[Saved data entries]

______________________________

lemma F0_eq_sq_interp_integral:
  assumes "continuous_on {min x u..max x u} (deriv f)"
  shows "F0 f x u = sq_interp_integral (\<lambda>_. 1) (deriv f) x u"
proof -
  define H where "H r = integral {0..r} (\<lambda>s. deriv f (sq_interp x u s))" for r
  have cont: "continuous_on {0..1} (\<lambda>s. deriv f (sq_interp x u s))"
    by (rule continuous_on_comp_sq_interp[OF assms])
  have cont_H: "continuous_on {0..1} H"
    unfolding H_def by (rule indefinite_integral_continuous_1[OF integrable_continuous_real[OF cont]])
  \<comment> \<open>substitution \<open>(1 - \<mu>) / 2 = s\<^sup>2\<close>\<close>
  define \<Phi> where "\<Phi> \<mu> = - 2 * sqrt 2 * H (sqrt ((1 - \<mu>) / 2))" for \<mu>
  have "continuous_on {-1..1} (\<lambda>\<mu>. H (sqrt ((1 - \<mu>) / 2)))"
    by (rule continuous_on_compose2[OF cont_H]) (auto intro!: continuous_intros)
  then have cont_\<Phi>: "continuous_on {-1..1} \<Phi>"
    unfolding \<Phi>_def by (intro continuous_intros)
  have "(\<Phi> has_real_derivative deriv f ((1 + \<mu>) / 2 * x + (1 - \<mu>) / 2 * u) / sqrt (1 - \<mu>)) (at \<mu>)"
    if \<mu>: "\<mu> \<in> {-1<..<1}" for \<mu>
  proof -
    define r where "r = sqrt ((1 - \<mu>) / 2)"
    have r: "0 < r" "r < 1" "r\<^sup>2 = (1 - \<mu>) / 2" "sqrt 2 * r = sqrt (1 - \<mu>)"
      using \<mu> by (auto simp: r_def real_sqrt_mult[symmetric])
    have "(H has_real_derivative deriv f (sq_interp x u r)) (at r)"
      unfolding H_def using integral_has_real_derivative[OF cont, of r] r
      by (simp add: at_within_Icc_at)
    moreover have "((\<lambda>\<mu>. sqrt ((1 - \<mu>) / 2)) has_real_derivative - 1 / (4 * r)) (at \<mu>)"
      unfolding r_def using \<mu>
      by (auto intro!: derivative_eq_intros DERIV_real_sqrt[THEN DERIV_chain2] simp: field_simps)
    ultimately have "(\<Phi> has_real_derivative - 2 * sqrt 2 * (deriv f (sq_interp x u r) * (- 1 / (4 * r)))) (at \<mu>)"
      unfolding \<Phi>_def r_def by (intro DERIV_cmult DERIV_chain2)
    moreover have "- 2 * sqrt 2 * (- 1 / (4 * r)) = 1 / sqrt (1 - \<mu>)"
      unfolding r(4)[symmetric] using r(1) by (simp add: field_simps)
    then have "- 2 * sqrt 2 * (d * (- 1 / (4 * r))) = d / sqrt (1 - \<mu>)" for d
      by (metis mult.left_commute times_divide_eq_right mult.right_neutral)
    moreover have "sq_interp x u r = (1 + \<mu>) / 2 * x + (1 - \<mu>) / 2 * u"
      unfolding sq_interp_def r(3) by (simp add: field_simps)
    ultimately show ?thesis
      by (simp only:)
  qed
  then have "((\<lambda>\<mu>. deriv f ((1 + \<mu>) / 2 * x + (1 - \<mu>) / 2 * u) / sqrt (1 - \<mu>))
      has_integral (\<Phi> 1 - \<Phi> (-1))) {-1..1}"
    using fundamental_theorem_of_calculus_interior[OF _ cont_\<Phi>]
    by (simp add: has_real_derivative_iff_has_vector_derivative)
  moreover have "\<Phi> 1 - \<Phi> (-1) = 2 * sqrt 2 * sq_interp_integral (\<lambda>_. 1) (deriv f) x u"
    by (simp add: \<Phi>_def H_def sq_interp_integral_def)
  ultimately show ?thesis
    unfolding F0_def by (simp add: integral_unique)
qed

lemma has_real_derivative_max_const:
  fixes g :: "real \<Rightarrow> real"
  assumes g: "(g has_real_derivative g') (at s)" and "g s \<noteq> a"
  shows "((\<lambda>t. max (g t) a) has_real_derivative (if a < g s then g' else 0)) (at s)"
proof -
  have lim: "(g \<longlongrightarrow> g s) (at s)"
    using DERIV_isCont[OF g] by (simp add: isCont_def)
  show ?thesis
  proof (cases "a < g s")
    case True
    have "eventually (\<lambda>t. max (g t) a = g t) (at s)"
      using order_tendstoD(1)[OF lim True] by (auto elim!: eventually_mono)
    from has_field_derivative_cong_eventually[OF this] g True show ?thesis
      by simp
  next
    case False
    then have "g s < a"
      using assms(2) by simp
    then have "eventually (\<lambda>t. max (g t) a = a) (at s)"
      using order_tendstoD(2)[OF lim \<open>g s < a\<close>] by (auto elim!: eventually_mono)
    from has_field_derivative_cong_eventually[OF this] DERIV_const[of a] False \<open>g s < a\<close>
    show ?thesis
      by simp
  qed
qed

lemma continuous_on_compact_abs_le:
  fixes g :: "real \<Rightarrow> real"
  assumes "compact S" "continuous_on S g"
  obtains B where "\<And>y. y \<in> S \<Longrightarrow> \<bar>g y\<bar> \<le> B"
  using compact_imp_bounded[OF compact_continuous_image[OF assms(2,1)]] by (auto simp: bounded_iff)

lemma abs_bound_on_Icc:
  fixes g :: "real \<Rightarrow> real"
  assumes "continuous_on {0<..<1} g" "0 < k1" "k2 < 1"
  obtains B where "0 \<le> B" "\<And>y. y \<in> {k1..k2} \<Longrightarrow> \<bar>g y\<bar> \<le> B"
proof -
  have "continuous_on {k1..k2} g"
    using assms by (intro continuous_on_subset[OF assms(1)]) auto
  then obtain B where "\<And>y. y \<in> {k1..k2} \<Longrightarrow> \<bar>g y\<bar> \<le> B"
    using continuous_on_compact_abs_le[OF compact_Icc] by blast
  then show ?thesis
    using that[of "\<bar>B\<bar>"] by force
qed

______________________________

> DIRECTIONS
A complete, exact transcription of the data above is the required answer.

> YOUR SOLUTION
lemma F0_eq_sq_interp_integral:
  assumes "continuous_on {min x u..max x u} (deriv f)"
  shows "F0 f x u = sq_interp_integral (\<lambda>_. 1) (deriv f) x u"
proof -
  define H where "H r = integral {0..r} (\<lambda>s. deriv f (sq_interp x u s))" for r
  have cont: "continuous_on {0..1} (\<lambda>s. deriv f (sq_interp x u s))"
    by (rule continuous_on_comp_sq_interp[OF assms])
  have cont_H: "continuous_on {0..1} H"
    unfolding H_def by (rule indefinite_integral_continuous_1[OF integrable_continuous_real[OF cont]])
  \<comment> \<open>substitution \<open>(1 - \<mu>) / 2 = s\<^sup>2\<close>\<close>
  define \<Phi> where "\<Phi> \<mu> = - 2 * sqrt 2 * H (sqrt ((1 - \<mu>) / 2))" for \<mu>
  have "continuous_on {-1..1} (\<lambda>\<mu>. H (sqrt ((1 - \<mu>) / 2)))"
    by (rule continuous_on_compose2[OF cont_H]) (auto intro!: continuous_intros)
  then have cont_\<Phi>: "continuous_on {-1..1} \<Phi>"
    unfolding \<Phi>_def by (intro continuous_intros)
  have "(\<Phi> has_real_derivative deriv f ((1 + \<mu>) / 2 * x + (1 - \<mu>) / 2 * u) / sqrt (1 - \<mu>)) (at \<mu>)"
    if \<mu>: "\<mu> \<in> {-1<..<1}" for \<mu>
  proof -
    define r where "r = sqrt ((1 - \<mu>) / 2)"
    have r: "0 < r" "r < 1" "r\<^sup>2 = (1 - \<mu>) / 2" "sqrt 2 * r = sqrt (1 - \<mu>)"
      using \<mu> by (auto simp: r_def real_sqrt_mult[symmetric])
    have "(H has_real_derivative deriv f (sq_interp x u r)) (at r)"
      unfolding H_def using integral_has_real_derivative[OF cont, of r] r
      by (simp add: at_within_Icc_at)
    moreover have "((\<lambda>\<mu>. sqrt ((1 - \<mu>) / 2)) has_real_derivative - 1 / (4 * r)) (at \<mu>)"
      unfolding r_def using \<mu>
      by (auto intro!: derivative_eq_intros DERIV_real_sqrt[THEN DERIV_chain2] simp: field_simps)
    ultimately have "(\<Phi> has_real_derivative - 2 * sqrt 2 * (deriv f (sq_interp x u r) * (- 1 / (4 * r)))) (at \<mu>)"
      unfolding \<Phi>_def r_def by (intro DERIV_cmult DERIV_chain2)
    moreover have "- 2 * sqrt 2 * (- 1 / (4 * r)) = 1 / sqrt (1 - \<mu>)"
      unfolding r(4)[symmetric] using r(1) by (simp add: field_simps)
    then have "- 2 * sqrt 2 * (d * (- 1 / (4 * r))) = d / sqrt (1 - \<mu>)" for d
      by (metis mult.left_commute times_divide_eq_right mult.right_neutral)
    moreover have "sq_interp x u r = (1 + \<mu>) / 2 * x + (1 - \<mu>) / 2 * u"
      unfolding sq_interp_def r(3) by (simp add: field_simps)
    ultimately show ?thesis
      by (simp only:)
  qed
  then have "((\<lambda>\<mu>. deriv f ((1 + \<mu>) / 2 * x + (1 - \<mu>) / 2 * u) / sqrt (1 - \<mu>))
      has_integral (\<Phi> 1 - \<Phi> (-1))) {-1..1}"
    using fundamental_theorem_of_calculus_interior[OF _ cont_\<Phi>]
    by (simp add: has_real_derivative_iff_has_vector_derivative)
  moreover have "\<Phi> 1 - \<Phi> (-1) = 2 * sqrt 2 * sq_interp_integral (\<lambda>_. 1) (deriv f) x u"
    by (simp add: \<Phi>_def H_def sq_interp_integral_def)
  ultimately show ?thesis
    unfolding F0_def by (simp add: integral_unique)
qed

lemma has_real_derivative_max_const:
  fixes g :: "real \<Rightarrow> real"
  assumes g: "(g has_real_derivative g') (at s)" and "g s \<noteq> a"
  shows "((\<lambda>t. max (g t) a) has_real_derivative (if a < g s then g' else 0)) (at s)"
proof -
  have lim: "(g \<longlongrightarrow> g s) (at s)"
    using DERIV_isCont[OF g] by (simp add: isCont_def)
  show ?thesis
  proof (cases "a < g s")
    case True
    have "eventually (\<lambda>t. max (g t) a = g t) (at s)"
      using order_tendstoD(1)[OF lim True] by (auto elim!: eventually_mono)
    from has_field_derivative_cong_eventually[OF this] g True show ?thesis
      by simp
  next
    case False
    then have "g s < a"
      using assms(2) by simp
    then have "eventually (\<lambda>t. max (g t) a = a) (at s)"
      using order_tendstoD(2)[OF lim \<open>g s < a\<close>] by (auto elim!: eventually_mono)
    from has_field_derivative_cong_eventually[OF this] DERIV_const[of a] False \<open>g s < a\<close>
    show ?thesis
      by simp
  qed
qed

lemma continuous_on_compact_abs_le:
  fixes g :: "real \<Rightarrow> real"
  assumes "compact S" "continuous_on S g"
  obtains B where "\<And>y. y \<in> S \<Longrightarrow> \<bar>g y\<bar> \<le> B"
  using compact_imp_bounded[OF compact_continuous_image[OF assms(2,1)]] by (auto simp: bounded_iff)

lemma abs_bound_on_Icc:
  fixes g :: "real \<Rightarrow> real"
  assumes "continuous_on {0<..<1} g" "0 < k1" "k2 < 1"
  obtains B where "0 \<le> B" "\<And>y. y \<in> {k1..k2} \<Longrightarrow> \<bar>g y\<bar> \<le> B"
proof -
  have "continuous_on {k1..k2} g"
    using assms by (intro continuous_on_subset[OF assms(1)]) auto
  then obtain B where "\<And>y. y \<in> {k1..k2} \<Longrightarrow> \<bar>g y\<bar> \<le> B"
    using continuous_on_compact_abs_le[OF compact_Icc] by blast
  then show ?thesis
    using that[of "\<bar>B\<bar>"] by force
qed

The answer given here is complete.